- IATA: none; ICAO: none;

Summary
- Location: Toronto, Ontario
- Opened: 1928
- Closed: 1939
- Coordinates: 43°44′56″N 79°27′39″W﻿ / ﻿43.74889°N 79.46083°W

Map
- Toronto Aerodrome

= Toronto Aerodrome =

Toronto Aerodrome, also known as Canadian Air Express Airport, was an aerodrome located in Toronto, Ontario, Canada.

One of the historical airfields of Canada, operated from 1928 to 1939, it was situated at the current Sheppard West station on Dufferin Street and Sheppard Avenue West. Toronto Aerodrome was one of several small airfields established in the Toronto area during the 1920s and 1930s. This aerodrome served as the principal custom entry point for aircraft coming to Toronto until 1939, when Malton airfield, now Toronto Pearson International Airport, became operational.
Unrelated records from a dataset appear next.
lemma distinguishes_tail:
  assumes x: "x = Yv \<or> x = Zv" "x \<notin> M"
    and j: "1 \<le> j" "j \<le> a" and y: "y = Lv j \<or> y = Lv' j \<or> y = Sv j \<or> y = Sv' j"
  shows "distinguishes (gE a) k M x y"
proof -
  have yV: "y \<in> gV a" using j y by auto
  define t where "t = (if x = Yv then Zv else Yv)"
  have t: "t \<in> M" "t \<noteq> x" "gE a x t" "t = Yv \<or> t = Zv"
    using x tail_hit by (auto simp: t_def)
  have "t \<in> gV a" using t(1) M_in by blast
  show ?thesis
  proof (rule distinguishesI[OF t(1), of 1])
    show "gdist (gE a) x t = 1" "gdist (gE a) y t \<noteq> 1"
      using gdist_gE_eq_1_iff \<open>t \<in> gV a\<close> yV x t y by auto
  qed (use k_ge_2 in simp)
qed

lemma distinguishes_by_layer:
  assumes V: "x \<in> gV a" "y \<in> gV a" and "x \<noteq> y" "x \<notin> M" "y \<notin> M" "layer x \<le> layer y"
  shows "distinguishes (gE a) k M x y"
proof (cases x)
  case (Pv j)
  with assms show ?thesis by (auto intro: distinguishes_Pv)
next
  case (Xv j)
  with assms show ?thesis by (auto simp: layer_def intro: distinguishes_Xv)
next
  case (Lv i)
  with assms show ?thesis
    by (cases y) (auto simp: layer_def intro: distinguishes_twins[of Lv Lv']
      distinguishes_sym[OF distinguishes_mid_leaf] distinguishes_sym[OF distinguishes_tail])
next
  case (Lv' i)
  with assms show ?thesis
    by (cases y) (auto simp: layer_def intro: distinguishes_twins[of Lv Lv']
      distinguishes_sym[OF distinguishes_mid_leaf] distinguishes_sym[OF distinguishes_tail])
next
  case (Sv i)
  with assms show ?thesis
    by (cases y) (auto simp: layer_def intro: distinguishes_twins[of Sv Sv']
      distinguishes_sym[OF distinguishes_tail])
next
  case (Sv' i)
  with assms show ?thesis
    by (cases y) (auto simp: layer_def intro: distinguishes_twins[of Sv Sv']
      distinguishes_sym[OF distinguishes_tail])
next
  case Yv
  with assms tail_hit show ?thesis by (cases y) (auto simp: layer_def)
next
  case Zv
  with assms tail_hit show ?thesis by (cases y) (auto simp: layer_def)
qed
lemma tr_Node:
  "tr S (Node C x l r) =
     Node (dres x (label (tr S l)) (label (tr (S \<union> labs (tr S l)) r))) x
       (tr S l) (tr (S \<union> labs (tr S l)) r)"
  by (simp add: Let_def)

lemma tr_shrinks:
  assumes "inferences wres_rule T" and "leaves_ok (\<lambda>C. \<exists>D\<in>S. D \<subseteq> C) T"
  shows "\<forall>p\<in>positions T. label (sub (tr S T) p) \<subseteq> label (sub T p)"
  using assms
proof (induction T arbitrary: S)
  case (Leaf C)
  then show ?case using leaf_choice(2) by simp
next
  case (Node C x l r)
  define l' where "l' = tr S l"
  define r' where "r' = tr (S \<union> labs l') r"
  have shrink_l: "\<forall>p\<in>positions l. label (sub l' p) \<subseteq> label (sub l p)"
    using Node.IH(1) Node.prems by (simp add: l'_def leaves_ok_Node)
  have "leaves_ok (\<lambda>C. \<exists>D\<in>S \<union> labs l'. D \<subseteq> C) r"
    using leaves_ok_right_subtree[OF Node.prems(2) _ shrink_l] by (simp add: l'_def tr_positions)
  then have shrink_r: "\<forall>p\<in>positions r. label (sub r' p) \<subseteq> label (sub r p)"
    using Node.IH(2) Node.prems(1) by (simp add: r'_def)
  have step: "wres_rule x (label l) (label r) C"
    using Node.prems(1) by simp
  have "label l' \<subseteq> label l" "label r' \<subseteq> label r"
    using shrink_l shrink_r by (metis Nil_in_positions sub.simps(1))+
  then have "dres x (label l') (label r') \<subseteq> C"
    by (rule dres_of_subclauses(2)[OF step])
  then show ?case
    using shrink_l shrink_r
    unfolding tr_Node ball_positions_Node l'_def[symmetric] r'_def[symmetric] by simp
qed

corollary tr_label_subset:
  assumes "inferences wres_rule T" and "leaves_ok (\<lambda>C. \<exists>D\<in>S. D \<subseteq> C) T"
  shows "label (tr S T) \<subseteq> label T"
  using tr_shrinks[OF assms] by (metis Nil_in_positions sub.simps(1))

lemma tr_sound:
  assumes "inferences wres_rule T" and "leaves_ok (\<lambda>C. \<exists>D\<in>S. D \<subseteq> C) T"
  shows "inferences dres_rule (tr S T) \<and> leaves_ok (\<lambda>D. D \<in> S) (tr S T)"
  using assms
proof (induction T arbitrary: S)
  case (Leaf C)
  then show ?case using leaf_choice(1) by simp
next
  case (Node C x l r)
  define l' where "l' = tr S l"
  define r' where "r' = tr (S \<union> labs l') r"
  have shrink_l: "\<forall>p\<in>positions l. label (sub l' p) \<subseteq> label (sub l p)"
    using tr_shrinks[of l S] Node.prems by (simp add: l'_def leaves_ok_Node)
  have r_ok: "leaves_ok (\<lambda>C. \<exists>D\<in>S \<union> labs l'. D \<subseteq> C) r"
    using leaves_ok_right_subtree[OF Node.prems(2) _ shrink_l] by (simp add: l'_def tr_positions)
  then have shrink_r: "\<forall>p\<in>positions r. label (sub r' p) \<subseteq> label (sub r p)"
    using tr_shrinks[of r "S \<union> labs l'"] Node.prems(1) by (simp add: r'_def)
  have step: "wres_rule x (label l) (label r) C"
    using Node.prems(1) by simp
  have "label l' \<subseteq> label l" "label r' \<subseteq> label r"
    using shrink_l shrink_r by (metis Nil_in_positions sub.simps(1))+
  then have "dres_rule x (label l') (label r') (dres x (label l') (label r'))"
    by (rule dres_of_subclauses(1)[OF step])
  moreover have "inferences dres_rule l' \<and> leaves_ok (\<lambda>D. D \<in> S) l'"
    using Node.IH(1) Node.prems by (simp add: l'_def leaves_ok_Node)
  moreover have "inferences dres_rule r' \<and> leaves_ok (\<lambda>D. D \<in> S \<union> labs l') r'"
    using Node.IH(2)[OF _ r_ok] Node.prems(1) by (simp add: r'_def)
  ultimately show ?case
    unfolding tr_Node l'_def[symmetric] r'_def[symmetric] by (simp add: leaves_ok_Node)
qed

theorem proposition1p9:
  fixes \<Gamma> :: "'v clause set" and R :: "'v dtree"
  assumes "regWRTL_deriv \<Gamma> R {}"
  shows "\<exists>R'. pool_deriv \<Gamma> R' {} \<and> size_d R' \<le> size_d R"
proof -
  define R' where "R' = tr \<Gamma> R"
  have R: "leaves_ok (\<lambda>C. C \<in> \<Gamma>) R" "inferences wres_rule R" "regular R {}" "label R = {}"
    using assms by (simp_all add: regWRTL_deriv_def rtl_deriv_iff)
  have leaves: "leaves_ok (\<lambda>C. \<exists>D\<in>\<Gamma>. D \<subseteq> C) R"
    using R(1) by (rule leaves_ok_mono) blast
  have "label R' = {}"
    using tr_label_subset[OF R(2) leaves] R(4) by (simp add: R'_def)
  moreover have "regular R' {}"
    using R(3) regular_cong tr_positions tr_resvar by (metis R'_def)
  ultimately have "pool_deriv \<Gamma> R' {}"
    using tr_sound[OF R(2) leaves] by (simp add: pool_deriv_def rtl_deriv_iff R'_def)
  moreover have "size_d R' = size_d R"
    by (simp add: size_d_def R'_def tr_positions)
  ultimately show ?thesis by auto
qed

end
The aerodrome shared the site with the Toronto Flying Club (located at Dufferin Street and Wilson Avenue). The Toronto Flying Club's site is now the south end of Downsview Airport, TTC Wilson Complex.

Following the end of World War II into the 1960s, parts of the former airfield and surrounding farmland were developed into the residential neighbourhood of Wilson Heights and mixed commercial-industrial area of Downsview.